282 moving companies are federally registered in Arkansas, from national van lines to one-truck local crews, with the largest cluster in Little Rock (29 companies). Every one of them has a public federal record: registration, fleet size, and four years of consumer complaints. This page lists them all; click any company to open its full MoverAudit report.
Before you shortlist anyone in Arkansas, know the local landscape: 2 of these companies are registered as brokers only, meaning they resell your move to a carrier you never chose, and 34 have zero trucks on file with FMCSA. At the other end, the largest registered fleet in the state belongs to J B Hunt Transport Inc with 25,280 power units. Fleet size does not equal honesty, but a company promising statewide next-day service with one truck deserves a hard look at its report.

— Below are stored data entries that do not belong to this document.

(* Let $\mathcal{X}\subseteq\mathbb{R}^n$ and let $h = p_k \circ \dots \circ p_1:\mathbb{R}^n \to \mathcal{Y}$ be a model, where each layer $p_r:\mathbb{R}^{n^{r-1}}\to\mathbb{R}^{n^r}$ ($n^0=n$). Let $g:\mathbb{R}^n\times\mathcal{Y} \to G$ be an explanation function (EF). For $m\in\{1,\dots,k\}$ write $f_m := p_m \circ \dots \circ p_1$. Suppose that for some $i \in \{1,\dots,k\}$, $f_i$ is a $\gamma(\epsilon)$-explainable representation with respect to $g$, for a function $\gamma:(0,\infty)\to(0,\infty)$. Let $j$ with $1\le j\le i$, and assume that $p_r$ is an $l_r$-Lipschitz function for every $r \in \{j+1,\dots,i\}$. Then $f_j$ is $\hat{\gamma}(\epsilon)$-explainable with respect to $g$, where $\hat{\gamma}(\epsilon) := \gamma\left(\epsilon \cdot \prod^{i}_{r=j+1} l_r \right)$.
   Context: $G$ is a set of explanations equipped with a norm (or distance) written $|\cdot|$; the spaces $\mathbb{R}^{d}$ are also equipped with a norm $|\cdot|$, and Lipschitz continuity is with respect to these norms. For a model $h=c\circ f$ with representation $f:\mathcal{X}\to\mathbb{R}^d$ and an EF $g$, $f$ is called a $\gamma(\epsilon)$-explainable representation with respect to $g$ if for every $\epsilon\in(0,\infty)$ and all $x_1,x_2\in\mathcal{X}$: $|f(x_1)-f(x_2)|\le\epsilon$ implies $|g(x_1,h(x_1))-g(x_2,h(x_2))|\le\gamma(\epsilon)$. For the layered model, $f_m$ is regarded as the representation with $c=p_k\circ\dots\circ p_{m+1}$. *)

theory Defs
  imports "HOL-Analysis.Analysis"
begin

text \<open>Vectors of R^d are represented as functions nat => real vanishing outside
  the indices 0..d-1 (dimensions vary along the layers, so type-indexed vectors
  cannot be used).\<close>
definition Vec :: "nat \<Rightarrow> (nat \<Rightarrow> real) set" where
  "Vec d = {x. \<forall>q\<ge>d. x q = 0}"

definition norm_on :: "nat \<Rightarrow> ((nat \<Rightarrow> real) \<Rightarrow> real) \<Rightarrow> bool" where
  "norm_on d N \<longleftrightarrow>
     (\<forall>x\<in>Vec d. 0 \<le> N x \<and> (N x = 0 \<longleftrightarrow> x = (\<lambda>q. 0))) \<and>
     (\<forall>x\<in>Vec d. \<forall>c. N (\<lambda>q. c * x q) = \<bar>c\<bar> * N x) \<and>
     (\<forall>x\<in>Vec d. \<forall>y\<in>Vec d. N (\<lambda>q. x q + y q) \<le> N x + N y)"

primrec layer_comp :: "(nat \<Rightarrow> (nat \<Rightarrow> real) \<Rightarrow> (nat \<Rightarrow> real)) \<Rightarrow> nat \<Rightarrow> (nat \<Rightarrow> real) \<Rightarrow> (nat \<Rightarrow> real)" where
  "layer_comp p 0 = id"
| "layer_comp p (Suc m) = p (Suc m) \<circ> layer_comp p m"

definition lipschitz_wrt ::
  "(nat \<Rightarrow> real) set \<Rightarrow> ((nat \<Rightarrow> real) \<Rightarrow> real) \<Rightarrow> ((nat \<Rightarrow> real) \<Rightarrow> real) \<Rightarrow> real
    \<Rightarrow> ((nat \<Rightarrow> real) \<Rightarrow> (nat \<Rightarrow> real)) \<Rightarrow> bool" where
  "lipschitz_wrt D N1 N2 l q \<longleftrightarrow> (\<forall>x\<in>D. \<forall>y\<in>D. N2 (\<lambda>t. q x t - q y t) \<le> l * N1 (\<lambda>t. x t - y t))"

definition explainable_rep ::
  "(nat \<Rightarrow> real) set \<Rightarrow> ((nat \<Rightarrow> real) \<Rightarrow> real) \<Rightarrow> ((nat \<Rightarrow> real) \<Rightarrow> (nat \<Rightarrow> real))
    \<Rightarrow> ((nat \<Rightarrow> real) \<Rightarrow> (nat \<Rightarrow> real) \<Rightarrow> 'g::metric_space)
    \<Rightarrow> ((nat \<Rightarrow> real) \<Rightarrow> (nat \<Rightarrow> real)) \<Rightarrow> (real \<Rightarrow> real) \<Rightarrow> bool" where
  "explainable_rep X N f g h \<gamma> \<longleftrightarrow>
     (\<forall>\<epsilon>>0. \<forall>x1\<in>X. \<forall>x2\<in>X. N (\<lambda>t. f x1 t - f x2 t) \<le> \<epsilon> \<longrightarrow>
        dist (g x1 (h x1)) (g x2 (h x2)) \<le> \<gamma> \<epsilon>)"

end

theory Submission
  imports Defs
begin

text \<open>Between layers j and i the representation is Lipschitz with constant
  \<Prod>r\<in>{j+1..i}. l r, the product of the layer constants. Hence inputs whose
  j-th representations are \<epsilon>-close have i-th representations that are
  (\<epsilon> \<cdot> \<Prod> l r)-close, and explainability of f_i bounds the distance of their
  explanations by \<gamma>(\<epsilon> \<cdot> \<Prod> l r).\<close>

lemma layer_comp_in_Vec:
  assumes layers: "\<forall>r\<in>{j+1..m}. \<forall>x\<in>Vec (nd (r - 1)). p r x \<in> Vec (nd r)"
    and "j \<le> m" and "layer_comp p j x \<in> Vec (nd j)"
  shows "layer_comp p m x \<in> Vec (nd m)"
  using \<open>j \<le> m\<close> layers
proof (induction m rule: dec_induct)
  case base
  show ?case using assms(3) .
next
  case (step m)
  then have "layer_comp p m x \<in> Vec (nd m)" by auto
  moreover have "Suc m \<in> {j+1..Suc m}" using step.hyps(1) by simp
  ultimately show ?case using step.prems by fastforce
qed

lemma layer_comp_diff_le_prod:
  assumes layers: "\<forall>r\<in>{j+1..i}. \<forall>x\<in>Vec (nd (r - 1)). p r x \<in> Vec (nd r)"
    and lip: "\<forall>r\<in>{j+1..i}. 0 \<le> l r \<and>
               lipschitz_wrt (Vec (nd (r - 1))) (N (nd (r - 1))) (N (nd r)) (l r) (p r)"
    and "j \<le> i"
    and x1: "layer_comp p j x1 \<in> Vec (nd j)" and x2: "layer_comp p j x2 \<in> Vec (nd j)"
  shows "N (nd i) (\<lambda>t. layer_comp p i x1 t - layer_comp p i x2 t)
    \<le> (\<Prod>r\<in>{j+1..i}. l r) * N (nd j) (\<lambda>t. layer_comp p j x1 t - layer_comp p j x2 t)"
  using \<open>j \<le> i\<close> layers lip
proof (induction i rule: dec_induct)
  case base
  show ?case by simp
next
  case (step m)
  let ?d = "N (nd j) (\<lambda>t. layer_comp p j x1 t - layer_comp p j x2 t)"
  have lip_m: "0 \<le> l (Suc m)"
    "lipschitz_wrt (Vec (nd m)) (N (nd m)) (N (nd (Suc m))) (l (Suc m)) (p (Suc m))"
    using bspec[OF step.prems(2), of "Suc m"] step.hyps(1) by auto
  have "layer_comp p m x1 \<in> Vec (nd m)" "layer_comp p m x2 \<in> Vec (nd m)"
    using layer_comp_in_Vec[OF _ step.hyps(1)] step.prems(1) x1 x2 by auto
  then have "N (nd (Suc m)) (\<lambda>t. layer_comp p (Suc m) x1 t - layer_comp p (Suc m) x2 t)
      \<le> l (Suc m) * N (nd m) (\<lambda>t. layer_comp p m x1 t - layer_comp p m x2 t)"
    using lip_m(2) unfolding lipschitz_wrt_def by simp
  also have "\<dots> \<le> l (Suc m) * ((\<Prod>r\<in>{j+1..m}. l r) * ?d)"
    using step.IH step.prems lip_m(1) by (intro mult_left_mono) auto
  also have "\<dots> = (\<Prod>r\<in>{j+1..Suc m}. l r) * ?d"
    using step.hyps(1) by (simp add: prod.nat_ivl_Suc')
  finally show ?case .
qed

lemma explainable_rep_rescale:
  assumes expl: "explainable_rep X N' f' g h \<gamma>"
    and "c > 0"
    and le: "\<forall>x1\<in>X. \<forall>x2\<in>X. N' (\<lambda>t. f' x1 t - f' x2 t) \<le> c * N (\<lambda>t. f x1 t - f x2 t)"
  shows "explainable_rep X N f g h (\<lambda>\<epsilon>. \<gamma> (\<epsilon> * c))"
  unfolding explainable_rep_def
proof (intro allI impI ballI)
  fix \<epsilon> :: real and x1 x2
  assume "\<epsilon> > 0" "x1 \<in> X" "x2 \<in> X" and close: "N (\<lambda>t. f x1 t - f x2 t) \<le> \<epsilon>"
  have "N' (\<lambda>t. f' x1 t - f' x2 t) \<le> c * N (\<lambda>t. f x1 t - f x2 t)"
    using le \<open>x1 \<in> X\<close> \<open>x2 \<in> X\<close> by blast
  also have "\<dots> \<le> \<epsilon> * c"
    using mult_left_mono[OF close, of c] \<open>c > 0\<close> by (simp add: mult.commute)
  finally have "N' (\<lambda>t. f' x1 t - f' x2 t) \<le> \<epsilon> * c" .
  moreover have "\<epsilon> * c > 0" using \<open>\<epsilon> > 0\<close> \<open>c > 0\<close> by simp
  ultimately show "dist (g x1 (h x1)) (g x2 (h x2)) \<le> \<gamma> (\<epsilon> * c)"
    using expl \<open>x1 \<in> X\<close> \<open>x2 \<in> X\<close> unfolding explainable_rep_def by blast
qed

theorem theorem2:
  fixes X :: "(nat \<Rightarrow> real) set" and n k i j :: nat and nd :: "nat \<Rightarrow> nat"
    and p :: "nat \<Rightarrow> (nat \<Rightarrow> real) \<Rightarrow> (nat \<Rightarrow> real)"
    and nrm :: "nat \<Rightarrow> (nat \<Rightarrow> real) \<Rightarrow> real"
    and g :: "(nat \<Rightarrow> real) \<Rightarrow> (nat \<Rightarrow> real) \<Rightarrow> 'g::metric_space"
    and \<gamma> :: "real \<Rightarrow> real" and l :: "nat \<Rightarrow> real"
  assumes norms: "\<forall>d. norm_on d (nrm d)"
    and dim0: "nd 0 = n"
    and X: "X \<subseteq> Vec n"
    and layers: "\<forall>r\<in>{1..k}. \<forall>x\<in>Vec (nd (r - 1)). p r x \<in> Vec (nd r)"
    and i: "1 \<le> i" "i \<le> k"
    and gamma_pos: "\<forall>\<epsilon>>0. \<gamma> \<epsilon> > 0"
    and expl: "explainable_rep X (nrm (nd i)) (layer_comp p i) g (layer_comp p k) \<gamma>"
    and j: "1 \<le> j" "j \<le> i"
    and lip: "\<forall>r\<in>{j+1..i}. l r > 0 \<and>
               lipschitz_wrt (Vec (nd (r - 1))) (nrm (nd (r - 1))) (nrm (nd r)) (l r) (p r)"
  shows "explainable_rep X (nrm (nd j)) (layer_comp p j) g (layer_comp p k)
           (\<lambda>\<epsilon>. \<gamma> (\<epsilon> * (\<Prod>r\<in>{j+1..i}. l r)))"
proof (rule explainable_rep_rescale[OF expl])
  show "(\<Prod>r\<in>{j+1..i}. l r) > 0"
    using lip by (intro prod_pos) auto
  have in_Vec: "layer_comp p j x \<in> Vec (nd j)" if "x \<in> X" for x
    using layer_comp_in_Vec[of 0 j nd p x] layers X dim0 that i j by auto
  show "\<forall>x1\<in>X. \<forall>x2\<in>X.
      nrm (nd i) (\<lambda>t. layer_comp p i x1 t - layer_comp p i x2 t)
      \<le> (\<Prod>r\<in>{j+1..i}. l r) * nrm (nd j) (\<lambda>t. layer_comp p j x1 t - layer_comp p j x2 t)"
    using layer_comp_diff_le_prod[of j i nd p l nrm] layers lip i j in_Vec
    by (simp add: less_imp_le)
qed

end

Start with the record, not the reviews. Star ratings can be bought and buried; the federal complaint database cannot. Open the MoverAudit report for every company on your shortlist and check three things: is it a carrier or a broker, does the fleet size match its promises, and what do the complaint categories say about how it fails. A "Loss and Damage" complaint at a large van line is ordinary friction; a "Hostage Goods" complaint anywhere is a walk-away signal.
For interstate moves (leaving Arkansas), the company must hold federal household goods authority and print its USDOT number on the quote. Verify that the number on the paperwork matches the company name here: a borrowed or mismatched USDOT number is one of the oldest tricks in moving fraud.
For moves within Arkansas, state rules apply on top of federal registration, and complaints also go to the state's consumer protection office. The habits stay the same: written binding estimate after a real survey, small traceable deposit, and the truck does not get loaded until the paperwork matches the company you actually vetted.